UK researchers who reviewed safety conditions in international drug trials with children have called on sponsors to make sure independent safety monitoring committees are included in these trials.

The team led by Dr Helen Sammons, clinical associate professor in child health at the University of Nottingham’s Medical School, carried out a detailed analysis of 739 paediatric trials published between 1996 and 2002 to assess what safety measures were in place to monitor for adverse drug reactions.

They found that, while 74% of the papers described how safety monitoring was conducted during the study, only 2% – 13 out of 739 trials – had independent safety monitoring committees.

“We need to test drugs on children as the only other options are to use unlicensed drugs or prescribe drugs that have been licensed for adults off-label – outside the terms of their licence,” Dr Sammons commented.
“But we feel that the small number of studies that reported having safety monitoring committees was unacceptable. It is invaluable to have an independent monitor who can swiftly question any adverse drug reactions or differences in illness and death rates between groups taking part in the clinical trials.”

The researchers published their findings in the journal Acta Paediatrica. In all, 71% or 523 of the trials reported adverse events and 20% (151) of them reported a serious adverse event. These were not necessarily related to the drug used. Adverse drug reactions (ADRs) occurred in 36.5% (270) of the trials, with a moderate or severe ADR reported in 11% (80).

Six of the paediatric trials reviewed were terminated early because of significant drug toxicity, and all of these trials had safety monitoring committees. Studies reporting severe drug toxicity problems came from a wide range of countries, including Argentina, Belgium, Canada, Chile, China, France, India, Israel, Italy, Japan, the Netherlands, South Africa, Sweden, Taiwan, Thailand, Turkey, the UK and the US.

Deaths in 11% of trials
Deaths were reported in 11% (83) of the trials. In the majority of these, mortality was thought to be unrelated to the investigational drug, although in two trials mortality was higher in the treatment group.
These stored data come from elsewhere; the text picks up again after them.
lemma ennreal_eq_nn_integral_levels:
  "v = (\<integral>\<^sup>+a. indicator {0<..} a * indicator {a::real. ennreal a < v} a \<partial>lborel)"
proof -
  have "(\<integral>\<^sup>+a. indicator {0<..} a * indicator {a::real. ennreal a < v} a \<partial>lborel)
      = (\<integral>\<^sup>+a. indicator {a::real. 0 < a \<and> ennreal a < v} a \<partial>lborel)"
    by (intro nn_integral_cong) (auto simp: indicator_def)
  also have "\<dots> = v" by (simp add: emeasure_lborel_below_ennreal)
  finally show ?thesis ..
qed

lemma nn_integral_layer_cake:
  fixes f g :: "'a \<Rightarrow> ennreal"
  assumes "sigma_finite_measure M" and [measurable]: "f \<in> borel_measurable M" "g \<in> borel_measurable M"
  shows "(\<integral>\<^sup>+x. f x * g x \<partial>M)
    = (\<integral>\<^sup>+a. indicator {0<..} a * (\<integral>\<^sup>+x. indicator {x. ennreal a < f x} x * g x \<partial>M) \<partial>lborel)"
proof -
  interpret pair_sigma_finite M lborel
    using assms(1) by (simp add: pair_sigma_finite_def lborel.sigma_finite_measure_axioms)
  have "(\<integral>\<^sup>+x. f x * g x \<partial>M)
      = (\<integral>\<^sup>+x. \<integral>\<^sup>+a. indicator {0<..} a * indicator {a::real. ennreal a < f x} a * g x \<partial>lborel \<partial>M)"
    by (subst ennreal_eq_nn_integral_levels[of "f _"]) (simp add: nn_integral_multc)
  also have "\<dots> = (\<integral>\<^sup>+a. \<integral>\<^sup>+x. indicator {0<..} a * indicator {a::real. ennreal a < f x} a * g x \<partial>M \<partial>lborel)"
    by (rule Fubini'[symmetric]) measurable
  also have "\<dots> = (\<integral>\<^sup>+a. indicator {0<..} a * (\<integral>\<^sup>+x. indicator {x. ennreal a < f x} x * g x \<partial>M) \<partial>lborel)"
    by (intro nn_integral_cong) (simp add: nn_integral_cmult[symmetric] mult.assoc indicator_def)
  finally show ?thesis .
qed

lemma sigma_finite_lebesgue: "sigma_finite_measure (lebesgue :: 'a::euclidean_space measure)"
proof
  show "\<exists>A. countable A \<and> A \<subseteq> sets (lebesgue::'a measure) \<and> \<Union> A = space lebesgue
      \<and> (\<forall>a\<in>A. emeasure lebesgue a \<noteq> \<infinity>)"
  proof (intro exI conjI)
    show "\<Union> (range (\<lambda>n::nat. cball (0::'a) (real n))) = space lebesgue"
      by (auto simp: dist_norm intro: real_arch_simple)
    show "\<forall>a\<in>range (\<lambda>n::nat. cball (0::'a) (real n)). emeasure lebesgue a \<noteq> \<infinity>"
      using emeasure_lborel_cball_finite[of "0::'a"] by (simp add: less_imp_neq)
  qed auto
qed

interpretation lebesgue: sigma_finite_measure "lebesgue :: 'a::euclidean_space measure"
  by (rule sigma_finite_lebesgue)

interpretation lebesgue_pair: pair_sigma_finite "lebesgue :: 'a::euclidean_space measure" lebesgue ..

interpretation lebesgue_lborel: pair_sigma_finite "lebesgue :: 'a::euclidean_space measure" lborel ..

lemma sets_lebesgue_Collect: "Measurable.pred lebesgue P \<Longrightarrow> {x. P x} \<in> sets lebesgue"
  unfolding pred_def by simp

lemma nn_integral_layer_cake_emeasure:
  fixes f :: "'a::euclidean_space \<Rightarrow> ennreal"
  assumes [measurable]: "f \<in> borel_measurable lebesgue"
  shows "(\<integral>\<^sup>+x. f x \<partial>lebesgue) = (\<integral>\<^sup>+a. indicator {0<..} a * emeasure lebesgue {x. ennreal a < f x} \<partial>lborel)"
proof -
  have "{x. ennreal a < f x} \<in> sets lebesgue" for a :: real
    by (rule sets_lebesgue_Collect) measurable
  then show ?thesis
    using nn_integral_layer_cake[OF lebesgue.sigma_finite_measure_axioms assms, of "\<lambda>_. 1"] by simp
qed

lemma borel_measurable_antimono_ennreal:
  fixes g :: "real \<Rightarrow> ennreal"
  assumes "antimono g"
  shows "g \<in> borel_measurable borel"
proof (rule borel_measurableI_greater)
  fix y
  define D where "D = {x. y < g x}"
  have down: "x \<in> D" if "x' \<in> D" "x \<le> x'" for x x'
    using that antimonoD[OF assms, of x x'] unfolding D_def by (auto intro: less_le_trans)
  have "D \<in> sets borel"
  proof (cases "D = UNIV \<or> D = {}")
    case True then show ?thesis by auto
  next
    case False
    then obtain z a where z: "z \<notin> D" and a: "a \<in> D" by auto
    have "x \<le> z" if "x \<in> D" for x
      using down[OF that, of z] z by (cases "x \<le> z") auto
    then have bdd: "bdd_above D" by (auto simp: bdd_above_def)
    define m where "m = Sup D"
    have "D = {..<m} \<union> (if m \<in> D then {m} else {})"
    proof (intro set_eqI iffI)
      fix x assume x: "x \<in> D"
      then have "x \<le> m" unfolding m_def using bdd by (rule cSup_upper)
      then show "x \<in> {..<m} \<union> (if m \<in> D then {m} else {})"
        using x by (cases "x = m") auto
    next
      fix x assume x: "x \<in> {..<m} \<union> (if m \<in> D then {m} else {})"
      show "x \<in> D"
      proof (cases "x < m")
        case True
        then obtain d where "d \<in> D" "x < d"
          using less_cSup_iff[of D x] a bdd unfolding m_def by auto
        then show ?thesis using down by auto
      next
        case False then show ?thesis using x by (auto split: if_splits)
      qed
    qed
    also have "\<dots> \<in> sets borel" by auto
    finally show ?thesis .
  qed
  then show "{x \<in> space borel. y < g x} \<in> sets borel" unfolding D_def by simp
qed

lemma lebesgue_id_borel[measurable]: "(\<lambda>x::'a::euclidean_space. x) \<in> lebesgue \<rightarrow>\<^sub>M borel"
  by (rule measurable_completion) (simp add: measurable_ident_sets)

lemma lebesgue_affine_measurable_scaleR[measurable]:
  fixes d :: "'a::euclidean_space"
  shows "(\<lambda>z. \<sigma> *\<^sub>R z + d) \<in> lebesgue \<rightarrow>\<^sub>M lebesgue"
proof (cases "\<sigma> = 0")
  case True then show ?thesis by simp
next
  case False
  have "(\<lambda>x. d + (\<Sum>j\<in>Basis. (\<sigma> * (x \<bullet> j)) *\<^sub>R j)) = (\<lambda>z. \<sigma> *\<^sub>R z + d)"
    unfolding scaleR_scaleR[symmetric] scaleR_sum_right[symmetric]
    by (auto simp add: euclidean_representation ac_simps)
  then show ?thesis using lebesgue_affine_measurable[of "\<lambda>_. \<sigma>" d] False by simp
qed

lemma borel_measurable_diff_pair_lebesgue[measurable]:
  "(\<lambda>p::'a::euclidean_space \<times> 'a. snd p - fst p) \<in> (lebesgue \<Otimes>\<^sub>M lebesgue) \<rightarrow>\<^sub>M borel"
proof -
  have "snd \<in> (lebesgue \<Otimes>\<^sub>M lebesgue) \<rightarrow>\<^sub>M (borel::'a measure)"
    using measurable_compose[OF measurable_snd lebesgue_id_borel] by (simp add: comp_def)
  moreover have "fst \<in> (lebesgue \<Otimes>\<^sub>M lebesgue) \<rightarrow>\<^sub>M (borel::'a measure)"
    using measurable_compose[OF measurable_fst lebesgue_id_borel] by (simp add: comp_def)
  ultimately show ?thesis by measurable
qed

subsection \<open>Decreasing rearrangement\<close>

lemma decr_rearr_antimono: "antimono (decr_rearr \<psi>)"
proof (rule antimonoI)
  fix s t :: real assume "s \<le> t"
  then have "{c. emeasure lebesgue {x. c < ennreal \<bar>\<psi> x\<bar>} \<le> ennreal s}
      \<subseteq> {c. emeasure lebesgue {x. c < ennreal \<bar>\<psi> x\<bar>} \<le> ennreal t}"
    by (auto intro: order_trans ennreal_leI)
  then show "decr_rearr \<psi> t \<le> decr_rearr \<psi> s"
    unfolding decr_rearr_def by (rule Inf_superset_mono)
qed

lemma borel_measurable_decr_rearr[measurable]: "decr_rearr \<psi> \<in> borel_measurable borel"
  by (rule borel_measurable_antimono_ennreal) (rule decr_rearr_antimono)

lemma decr_rearr_cong_AE:
  fixes K K' :: "'a::euclidean_space \<Rightarrow> real"
  assumes "AE z in lborel. K z = K' z"
    and [measurable]: "K \<in> borel_measurable lebesgue" "K' \<in> borel_measurable lebesgue"
  shows "decr_rearr K = decr_rearr K'"
proof -
  have "emeasure lebesgue {x. c < ennreal \<bar>K x\<bar>} = emeasure lebesgue {x. c < ennreal \<bar>K' x\<bar>}" for c
  proof (rule emeasure_eq_AE)
    show "AE x in lebesgue. x \<in> {x. c < ennreal \<bar>K x\<bar>} \<longleftrightarrow> x \<in> {x. c < ennreal \<bar>K' x\<bar>}"
      using AE_completion[OF assms(1)] by eventually_elim auto
    show "{x. c < ennreal \<bar>K x\<bar>} \<in> sets lebesgue" "{x. c < ennreal \<bar>K' x\<bar>} \<in> sets lebesgue"
      by (rule sets_lebesgue_Collect, measurable)+
  qed
  then show ?thesis unfolding decr_rearr_def[abs_def] by simp
qed

lemma emeasure_superlevel_eq_SUP:
  fixes \<psi> :: "'a::euclidean_space \<Rightarrow> real"
  assumes [measurable]: "\<psi> \<in> borel_measurable lebesgue" and "0 \<le> c"
  shows "emeasure lebesgue {x. ennreal c < ennreal \<bar>\<psi> x\<bar>}
    = (SUP n. emeasure lebesgue {x. ennreal (c + 1 / Suc n) < ennreal \<bar>\<psi> x\<bar>})"
proof -
  define C where "C n = {x. ennreal (c + 1 / Suc n) < ennreal \<bar>\<psi> x\<bar>}" for n :: nat
  have C_sets: "C n \<in> sets lebesgue" for n
    unfolding C_def by (rule sets_lebesgue_Collect) measurable
  have "incseq C"
    unfolding C_def incseq_def
    by (auto elim!: le_less_trans[rotated] intro!: ennreal_leI simp: frac_le)
  have union: "(\<Union>n. C n) = {x. ennreal c < ennreal \<bar>\<psi> x\<bar>}"
  proof (intro set_eqI iffI)
    fix x assume "x \<in> (\<Union>n. C n)"
    then show "x \<in> {x. ennreal c < ennreal \<bar>\<psi> x\<bar>}"
      unfolding C_def by (auto elim!: le_less_trans[rotated] intro!: ennreal_leI)
  next
    fix x assume "x \<in> {x. ennreal c < ennreal \<bar>\<psi> x\<bar>}"
    then have "c < \<bar>\<psi> x\<bar>" using \<open>0 \<le> c\<close> by (simp add: ennreal_less_iff)
    then obtain n where "1 / Suc n < \<bar>\<psi> x\<bar> - c"
      by (metis diff_gt_0_iff_gt nat_approx_posE)
    then have "ennreal (c + 1 / Suc n) < ennreal \<bar>\<psi> x\<bar>"
      using \<open>0 \<le> c\<close> by (subst ennreal_less_iff) auto
    then show "x \<in> (\<Union>n. C n)" unfolding C_def by auto
  qed
  have "(SUP n. emeasure lebesgue (C n)) = emeasure lebesgue (\<Union>n. C n)"
    using C_sets \<open>incseq C\<close> by (intro SUP_emeasure_incseq) auto
  then show ?thesis
    unfolding union unfolding C_def by (rule sym)
qed

lemma less_decr_rearr:
  fixes \<psi> :: "'a::euclidean_space \<Rightarrow> real"
  assumes [measurable]: "\<psi> \<in> borel_measurable lebesgue"
    and "0 \<le> c" and "ennreal r < emeasure lebesgue {x. ennreal c < ennreal \<bar>\<psi> x\<bar>}"
  shows "ennreal c < decr_rearr \<psi> r"
proof -
  have "ennreal r < (SUP n. emeasure lebesgue {x. ennreal (c + 1 / Suc n) < ennreal \<bar>\<psi> x\<bar>})"
    using assms(3) unfolding emeasure_superlevel_eq_SUP[OF assms(1,2)] .
  then obtain n where n: "ennreal r < emeasure lebesgue {x. ennreal (c + 1 / Suc n) < ennreal \<bar>\<psi> x\<bar>}"
    unfolding less_SUP_iff by blast
  have "ennreal (c + 1 / Suc n) \<le> decr_rearr \<psi> r"
    unfolding decr_rearr_def
  proof (rule Inf_greatest)
    fix c' assume c': "c' \<in> {c. emeasure lebesgue {x. c < ennreal \<bar>\<psi> x\<bar>} \<le> ennreal r}"
    show "ennreal (c + 1 / Suc n) \<le> c'"
    proof (rule ccontr)
      assume "\<not> ennreal (c + 1 / Suc n) \<le> c'"
      then have "{x. ennreal (c + 1 / Suc n) < ennreal \<bar>\<psi> x\<bar>} \<subseteq> {x. c' < ennreal \<bar>\<psi> x\<bar>}"
        by (auto simp: not_le intro: less_trans)
      then have "emeasure lebesgue {x. ennreal (c + 1 / Suc n) < ennreal \<bar>\<psi> x\<bar>}
          \<le> emeasure lebesgue {x. c' < ennreal \<bar>\<psi> x\<bar>}"
        by (intro emeasure_mono sets_lebesgue_Collect) measurable
      also have "\<dots> \<le> ennreal r"
        using c' by simp
      finally show False
        using n leD by blast
    qed
  qed
  moreover have "ennreal c < ennreal (c + 1 / Suc n)"
    using \<open>0 \<le> c\<close> by (auto simp: ennreal_less_iff)
  ultimately show ?thesis by (rule less_le_trans[rotated])
qed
Death rates were highest in trials involving newborn babies. The researchers looked at 99 of these studies and 56% reported a death. Other major specialities in which mortality occurred included infectious diseases, neurology, respiratory diseases and kidney problems.

The Nottingham University team only reviewed papers published in English in the Medline database during the seven-year study period. They excluded trials covering HIV and cancer because of the high death rates from these diseases.

Another reason for including independent safety monitoring committees in paediatric trials is to ensure that parents are aware of the risks involved and the mechanisms that will be used during the trial to safeguard the children taking part.

As Dr Sammons pointed out, the issue has taken on greater urgency in the European Union with the incentives to conduct clinical trials in children provided by the regulation on medicinal products for paediatric use (No. 1901/2006).

“There is general agreement by paediatric health professionals, regulatory authorities and the pharmaceutical industry, as well as politicians and parents, that drug trials are essential in order to improve drug therapies,” she said.

“We are calling for all paediatric drug trials to include independent safety monitoring committees to ensure that this vital work is carried out in a way that minimises risks, and maximises benefits, for the children taking part.”